• What you are asked to do: Take each line of the entries below that contains "infty" and copy it.

↓

(* Let $(X,d,\mu)$ be a space of homogeneous type, $\mathcal{D}$ a dyadic system, $1<p<\infty$, $w\in A_{p}$ and $\mathcal{S}\subset\mathcal{D}$ an $\eta$-sparse family of cubes, $\eta\in(0,1)$. Then $$\sum_{Q\in\mathcal{S}}w(Q)\leq c\,\frac{1}{\eta^p}[w]_{A_{p}}\,w\Big(\bigcup_{Q\in\mathcal{S}}Q\Big),$$ where $c$ depends only on $X$ and the parameters of $\mathcal{D}$.
   Context: Space of homogeneous type: quasi-metric $d$, doubling Borel measure $\mu$ with $0<\mu(B)<\infty$ for balls. A dyadic system $\mathcal{D}$ with parameters $0<c_0\le C_0$, $\delta\in(0,1)$: generations $\mathcal{D}_k$ partition $X$, are nested, and each $Q^k_j$ satisfies $B(z^k_j,c_0\delta^k)\subset Q^k_j\subset B(z^k_j,C_0\delta^k)$. $\eta$-sparse: there are pairwise disjoint $E_Q\subset Q$ with $\mu(E_Q)\ge\eta\mu(Q)$. $w(E)=\int_Ew\,d\mu$ and $[w]_{A_p}=\sup_B\frac{w(B)}{\mu(B)}\big(\frac{1}{\mu(B)}\int_Bw^{-1/(p-1)}d\mu\big)^{p-1}$, the supremum over balls. *)

theory Defs
  imports "HOL-Analysis.Analysis"
begin

definition qball :: "('a \<Rightarrow> 'a \<Rightarrow> real) \<Rightarrow> 'a \<Rightarrow> real \<Rightarrow> 'a set" where
  "qball d x r = {y. d x y < r}"

text \<open>Quasi-metric on the whole type (the type is the underlying set X).\<close>
definition quasi_metric :: "('a \<Rightarrow> 'a \<Rightarrow> real) \<Rightarrow> bool" where
  "quasi_metric d \<longleftrightarrow>
     (\<exists>A0 \<ge> 1. \<forall>x y z. d x y \<ge> 0 \<and> (d x y = 0 \<longleftrightarrow> x = y) \<and> d x y = d y x
                        \<and> d x y \<le> A0 * (d x z + d z y))"

definition homogeneous_space :: "'a measure \<Rightarrow> ('a \<Rightarrow> 'a \<Rightarrow> real) \<Rightarrow> bool" where
  "homogeneous_space M d \<longleftrightarrow>
     quasi_metric d \<and> space M = UNIV \<and>
     (\<forall>x r. r > 0 \<longrightarrow> qball d x r \<in> sets M \<and>
                      0 < emeasure M (qball d x r) \<and> emeasure M (qball d x r) < \<infinity>) \<and>
     (\<exists>C. \<forall>x r. r > 0 \<longrightarrow> emeasure M (qball d x (2 * r)) \<le> ennreal C * emeasure M (qball d x r))"

definition dyadic_system ::
  "'a measure \<Rightarrow> ('a \<Rightarrow> 'a \<Rightarrow> real) \<Rightarrow> real \<Rightarrow> real \<Rightarrow> real \<Rightarrow> (int \<Rightarrow> 'a set set) \<Rightarrow> bool" where
  "dyadic_system M d c0 C0 \<delta> D \<longleftrightarrow>
     0 < c0 \<and> c0 \<le> C0 \<and> 0 < \<delta> \<and> \<delta> < 1 \<and>
     (\<forall>k. \<Union>(D k) = UNIV) \<and>
     (\<forall>k. \<forall>Q\<in>D k. \<forall>P\<in>D k. Q \<noteq> P \<longrightarrow> Q \<inter> P = {}) \<and>
     (\<forall>k l. k \<le> l \<longrightarrow> (\<forall>Q\<in>D l. \<forall>P\<in>D k. Q \<subseteq> P \<or> Q \<inter> P = {})) \<and>
     (\<forall>k. \<forall>Q\<in>D k. Q \<in> sets M \<and>
          (\<exists>z. qball d z (c0 * \<delta> powr real_of_int k) \<subseteq> Q \<and>
               Q \<subseteq> qball d z (C0 * \<delta> powr real_of_int k)))"

definition dyadic_cubes :: "(int \<Rightarrow> 'a set set) \<Rightarrow> 'a set set" where
  "dyadic_cubes D = (\<Union>k. D k)"

definition sparse :: "'a measure \<Rightarrow> real \<Rightarrow> 'a set set \<Rightarrow> bool" where
  "sparse M \<eta> S \<longleftrightarrow>
     (\<exists>E. disjoint_family_on E S \<and>
          (\<forall>Q\<in>S. E Q \<subseteq> Q \<and> E Q \<in> sets M \<and> emeasure M (E Q) \<ge> ennreal \<eta> * emeasure M Q))"

definition wmeas :: "'a measure \<Rightarrow> ('a \<Rightarrow> real) \<Rightarrow> 'a set \<Rightarrow> ennreal" where
  "wmeas M w E = (\<integral>\<^sup>+ x\<in>E. ennreal (w x) \<partial>M)"

definition Ap_quantity ::
  "'a measure \<Rightarrow> ('a \<Rightarrow> 'a \<Rightarrow> real) \<Rightarrow> ('a \<Rightarrow> real) \<Rightarrow> real \<Rightarrow> 'a \<Rightarrow> real \<Rightarrow> real" where
  "Ap_quantity M d w p x r =
     (let B = qball d x r; muB = measure M B in
      (enn2real (wmeas M w B) / muB) *
      (enn2real (wmeas M (\<lambda>y. w y powr (-1 / (p - 1))) B) / muB) powr (p - 1))"

definition in_Ap :: "'a measure \<Rightarrow> ('a \<Rightarrow> 'a \<Rightarrow> real) \<Rightarrow> real \<Rightarrow> ('a \<Rightarrow> real) \<Rightarrow> bool" where
  "in_Ap M d p w \<longleftrightarrow>
     w \<in> borel_measurable M \<and> (AE x in M. w x > 0) \<and> (\<forall>x. w x \<ge> 0) \<and>
     (\<forall>x r. r > 0 \<longrightarrow> wmeas M w (qball d x r) < \<infinity> \<and>
                      wmeas M (\<lambda>y. w y powr (-1 / (p - 1))) (qball d x r) < \<infinity>) \<and>
     bdd_above {Ap_quantity M d w p x r | x r. r > 0}"

definition Ap_const :: "'a measure \<Rightarrow> ('a \<Rightarrow> 'a \<Rightarrow> real) \<Rightarrow> real \<Rightarrow> ('a \<Rightarrow> real) \<Rightarrow> real" where
  "Ap_const M d p w = Sup {Ap_quantity M d w p x r | x r. r > 0}"

end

↑

• Your solution:
(* Let $(X,d,\mu)$ be a space of homogeneous type, $\mathcal{D}$ a dyadic system, $1<p<\infty$, $w\in A_{p}$ and $\mathcal{S}\subset\mathcal{D}$ an $\eta$-sparse family of cubes, $\eta\in(0,1)$. Then $$\sum_{Q\in\mathcal{S}}w(Q)\leq c\,\frac{1}{\eta^p}[w]_{A_{p}}\,w\Big(\bigcup_{Q\in\mathcal{S}}Q\Big),$$ where $c$ depends only on $X$ and the parameters of $\mathcal{D}$.
   Context: Space of homogeneous type: quasi-metric $d$, doubling Borel measure $\mu$ with $0<\mu(B)<\infty$ for balls. A dyadic system $\mathcal{D}$ with parameters $0<c_0\le C_0$, $\delta\in(0,1)$: generations $\mathcal{D}_k$ partition $X$, are nested, and each $Q^k_j$ satisfies $B(z^k_j,c_0\delta^k)\subset Q^k_j\subset B(z^k_j,C_0\delta^k)$. $\eta$-sparse: there are pairwise disjoint $E_Q\subset Q$ with $\mu(E_Q)\ge\eta\mu(Q)$. $w(E)=\int_Ew\,d\mu$ and $[w]_{A_p}=\sup_B\frac{w(B)}{\mu(B)}\big(\frac{1}{\mu(B)}\int_Bw^{-1/(p-1)}d\mu\big)^{p-1}$, the supremum over balls. *)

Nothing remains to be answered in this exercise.